ASSIGNED TASK
For each line below that includes the word "finally", make a copy.

********

lemma not_cU_if_norm_bounded_below:
  assumes "U \<noteq> bot" and "\<epsilon> > 0" and "\<And>n. \<epsilon> \<le> norm (a n)"
  shows "a \<notin> cU U"
proof
  assume "a \<in> cU U"
  then have "eventually (\<lambda>n. norm (a n) < \<epsilon>) U"
    using \<open>\<epsilon> > 0\<close> by (rule eventually_norm_less_if_cU)
  then have "eventually (\<lambda>n. False) U"
    by (rule eventually_mono) (use assms(3) not_less in blast)
  then show False using \<open>U \<noteq> bot\<close> by simp
qed

lemma eventually_norm_ge_if_not_cU:
  assumes "ultrafilter_nat U" and "a \<in> linf" and "a \<notin> cU U"
  shows "\<exists>\<epsilon>>0. eventually (\<lambda>n. \<epsilon> \<le> norm (a n)) U"
proof -
  have "\<not> ((\<lambda>n. norm (a n)) \<longlongrightarrow> 0) U" using assms(2,3) unfolding cU_def by auto
  moreover have "eventually (\<lambda>n. l < norm (a n)) U" if "l < 0" for l
    using that by (intro always_eventually allI) (meson less_le_trans norm_ge_zero)
  ultimately obtain \<epsilon> where "\<epsilon> > 0" and "\<not> eventually (\<lambda>n. norm (a n) < \<epsilon>) U"
    unfolding order_tendsto_iff by auto
  then have "eventually (\<lambda>n. \<not> norm (a n) < \<epsilon>) U"
    using eventually_not_if_not_eventually[OF assms(1)] by blast
  then show ?thesis using \<open>\<epsilon> > 0\<close> by (auto simp: not_less)
qed

lemma C_pi_bounded_if_ultrapower_purely_infinite:
  assumes U: "ultrafilter_nat U" and "nonprincipal U"
    and purely_infinite: "ultrapower_purely_infinite U TYPE('a::{real_normed_algebra_1,banach})"
  shows "\<exists>K>0. \<forall>a::'a. norm a = 1 \<longrightarrow> C_pi a < ereal K"
proof (rule ccontr)
  assume unbounded: "\<not> ?thesis"
  have "\<exists>a::'a. norm a = 1 \<and> \<not> C_pi a < ereal (real n + 1)" for n :: nat
  proof -
    have "real n + 1 > 0" by simp
    then show ?thesis using unbounded by blast
  qed
  then have "\<forall>n::nat. \<exists>a::'a. norm a = 1 \<and> \<not> C_pi a < ereal (real n + 1)" by blast
  from choice[OF this] obtain a :: "nat \<Rightarrow> 'a"
    where a: "\<forall>n. norm (a n) = 1 \<and> \<not> C_pi (a n) < ereal (real n + 1)"
    by blast
  then have norm_a: "\<And>n. norm (a n) = 1" and large: "\<And>n. \<not> C_pi (a n) < ereal (real n + 1)"
    by simp_all
  have "a \<in> linf" by (auto simp: linf_iff norm_a)
  moreover have "a \<notin> cU U"
    by (rule not_cU_if_norm_bounded_below[of U 1]) (simp_all add: ultrafilter_nat_nontrivial[OF U] norm_a)
  ultimately obtain b c where "b \<in> linf" "c \<in> linf" and bac: "(\<lambda>n. b n * a n * c n - 1) \<in> cU U"
    using purely_infinite unfolding ultrapower_purely_infinite_def by blast
  then obtain B C where B: "\<And>n. norm (b n) \<le> B" and C: "\<And>n. norm (c n) \<le> C"
    by (auto simp: linf_iff)
  have "eventually (\<lambda>n. norm (b n * a n * c n - 1) < 1 / 2) U"
    using eventually_norm_less_if_cU[OF bac, of "1 / 2"] by simp
  moreover have "eventually (\<lambda>n. nat \<lceil>2 * B * C\<rceil> < n) U"
    by (rule eventually_gt_if_nonprincipal[OF assms(1,2)])
  ultimately obtain n where close: "norm (b n * a n * c n - 1) < 1 / 2" and "nat \<lceil>2 * B * C\<rceil> < n"
    using eventually_happens'[OF ultrafilter_nat_nontrivial[OF U] eventually_conj] by blast
  then have "2 * B * C < real n + 1" by linarith
  have "ereal (real n + 1) \<le> C_pi (a n)" using large[of n] by (simp add: not_less)
  also have "C_pi (a n) \<le> ereal (2 * norm (b n) * norm (c n))"
    by (rule C_pi_le_if_approximate_factorisation[OF close])
  also have "2 * norm (b n) * norm (c n) \<le> 2 * B * C"
    using B[of n] C[of n] order_trans[OF norm_ge_zero B[of n]]
    by (simp add: mult.assoc mult_mono)
  finally have "real n + 1 \<le> 2 * B * C" by simp
  then show False using \<open>2 * B * C < real n + 1\<close> by simp
qed

lemma factorisation_bound_if_C_pi_bounded:
  fixes x :: "'a::real_normed_algebra_1"
  assumes bound: "\<And>a::'a. norm a = 1 \<Longrightarrow> C_pi a < ereal K" and "0 < \<epsilon>" "\<epsilon> \<le> norm x"
  shows "\<exists>b c. b * x * c = 1 \<and> norm b \<le> 1 \<and> norm c \<le> K / \<epsilon>"
proof -
  have x: "norm x > 0" using assms by linarith
  obtain b c where bc: "b * (x /\<^sub>R norm x) * c = 1" and less: "norm b * norm c < K"
    using C_pi_less_imp_factorisation[OF bound[of "x /\<^sub>R norm x"]] x by auto
  have "b \<noteq> 0" using bc by auto
  have "K > 0" using less by (metis le_less_trans mult_nonneg_nonneg norm_ge_zero)
  have "(b /\<^sub>R norm b) * x * ((norm b / norm x) *\<^sub>R c) = 1"
    using bc \<open>b \<noteq> 0\<close> by (simp add: inverse_eq_divide)
  moreover have "norm (b /\<^sub>R norm b) \<le> 1" using \<open>b \<noteq> 0\<close> by simp
  moreover have "norm ((norm b / norm x) *\<^sub>R c) \<le> K / \<epsilon>"
  proof -
    have "norm ((norm b / norm x) *\<^sub>R c) = norm b * norm c / norm x" using x by simp
    also have "\<dots> \<le> K / norm x" using less x by (simp add: divide_right_mono)
    also have "\<dots> \<le> K / \<epsilon>"
      using assms x \<open>K > 0\<close> by (intro divide_left_mono) simp_all
    finally show ?thesis .
  qed
  ultimately show ?thesis by blast
qed

lemma ultrapower_factorisation_if_C_pi_bounded:
  fixes a :: "nat \<Rightarrow> 'a::real_normed_algebra_1"
  assumes U: "ultrafilter_nat U" and "K > 0" and bound: "\<And>a::'a. norm a = 1 \<Longrightarrow> C_pi a < ereal K"
    and "a \<in> linf" "a \<notin> cU U"
  shows "\<exists>b\<in>linf. \<exists>c\<in>linf. (\<lambda>n. b n * a n * c n - 1) \<in> cU U"
proof -
  obtain \<epsilon> where "\<epsilon> > 0" and large: "eventually (\<lambda>n. \<epsilon> \<le> norm (a n)) U"
    using eventually_norm_ge_if_not_cU[OF assms(1,4,5)] by blast
  have "\<forall>n. \<exists>b c. norm b \<le> 1 \<and> norm c \<le> K / \<epsilon> \<and> (\<epsilon> \<le> norm (a n) \<longrightarrow> b * a n * c = 1)"
  proof
    fix n
    show "\<exists>b c. norm b \<le> 1 \<and> norm c \<le> K / \<epsilon> \<and> (\<epsilon> \<le> norm (a n) \<longrightarrow> b * a n * c = 1)"
    proof (cases "\<epsilon> \<le> norm (a n)")
      case True
      then show ?thesis using factorisation_bound_if_C_pi_bounded[OF bound \<open>\<epsilon> > 0\<close>] by blast
    next
      case False
      then show ?thesis using \<open>K > 0\<close> \<open>\<epsilon> > 0\<close> by (intro exI[of _ 0]) auto
    qed
  qed
  from choice[OF this] obtain b
    where "\<forall>n. \<exists>c. norm (b n) \<le> 1 \<and> norm c \<le> K / \<epsilon> \<and> (\<epsilon> \<le> norm (a n) \<longrightarrow> b n * a n * c = 1)"
    by blast
  from choice[OF this] obtain c
    where "\<forall>n. norm (b n) \<le> 1 \<and> norm (c n) \<le> K / \<epsilon> \<and> (\<epsilon> \<le> norm (a n) \<longrightarrow> b n * a n * c n = 1)"
    by blast
  then have b: "\<And>n. norm (b n) \<le> 1" and c: "\<And>n. norm (c n) \<le> K / \<epsilon>"
    and bac: "\<And>n. \<epsilon> \<le> norm (a n) \<Longrightarrow> b n * a n * c n = 1"
    by simp_all
  have "b \<in> linf" "c \<in> linf" using b c by (auto simp: linf_iff)
  moreover have "(\<lambda>n. b n * a n * c n - 1) \<in> cU U"
    by (intro cU_if_eventually_zero linf_diff_const linf_mult \<open>b \<in> linf\<close> \<open>c \<in> linf\<close> \<open>a \<in> linf\<close>)
       (use large in \<open>auto elim: eventually_mono simp: bac\<close>)
  ultimately show ?thesis by blast
qed

lemma division_algebra_if_ultrapower_division_algebra:
  assumes U: "ultrafilter_nat U"
    and division: "ultrapower_division_algebra U TYPE('a::{real_normed_algebra_1,banach})"
    and "x \<noteq> 0"
  shows "\<exists>z::'a. z * x = 1 \<and> x * z = 1"
proof -
  have "(\<lambda>n. x) \<in> linf" by (auto simp: linf_iff)
  moreover have "(\<lambda>n. x) \<notin> cU U"
    by (rule not_cU_if_norm_bounded_below[of U "norm x"]) (use assms ultrafilter_nat_nontrivial in auto)
  ultimately obtain y where right: "(\<lambda>n. x * y n - 1) \<in> cU U" and left: "(\<lambda>n. y n * x - 1) \<in> cU U"
    using division unfolding ultrapower_division_algebra_def by blast
  have "eventually (\<lambda>n. norm (x * y n - 1) < 1) U" "eventually (\<lambda>n. norm (y n * x - 1) < 1) U"
    using eventually_norm_less_if_cU[OF right] eventually_norm_less_if_cU[OF left] by simp_all
  then obtain n where "norm (x * y n - 1) < 1" "norm (y n * x - 1) < 1"
    using eventually_happens'[OF ultrafilter_nat_nontrivial[OF U] eventually_conj] by blast
  then show ?thesis by (rule invertible_if_approximate_inverse)
qed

********

SOLUTION TO THIS EXERCISE
  finally have "real n + 1 \<le> 2 * B * C" by simp
    finally show ?thesis .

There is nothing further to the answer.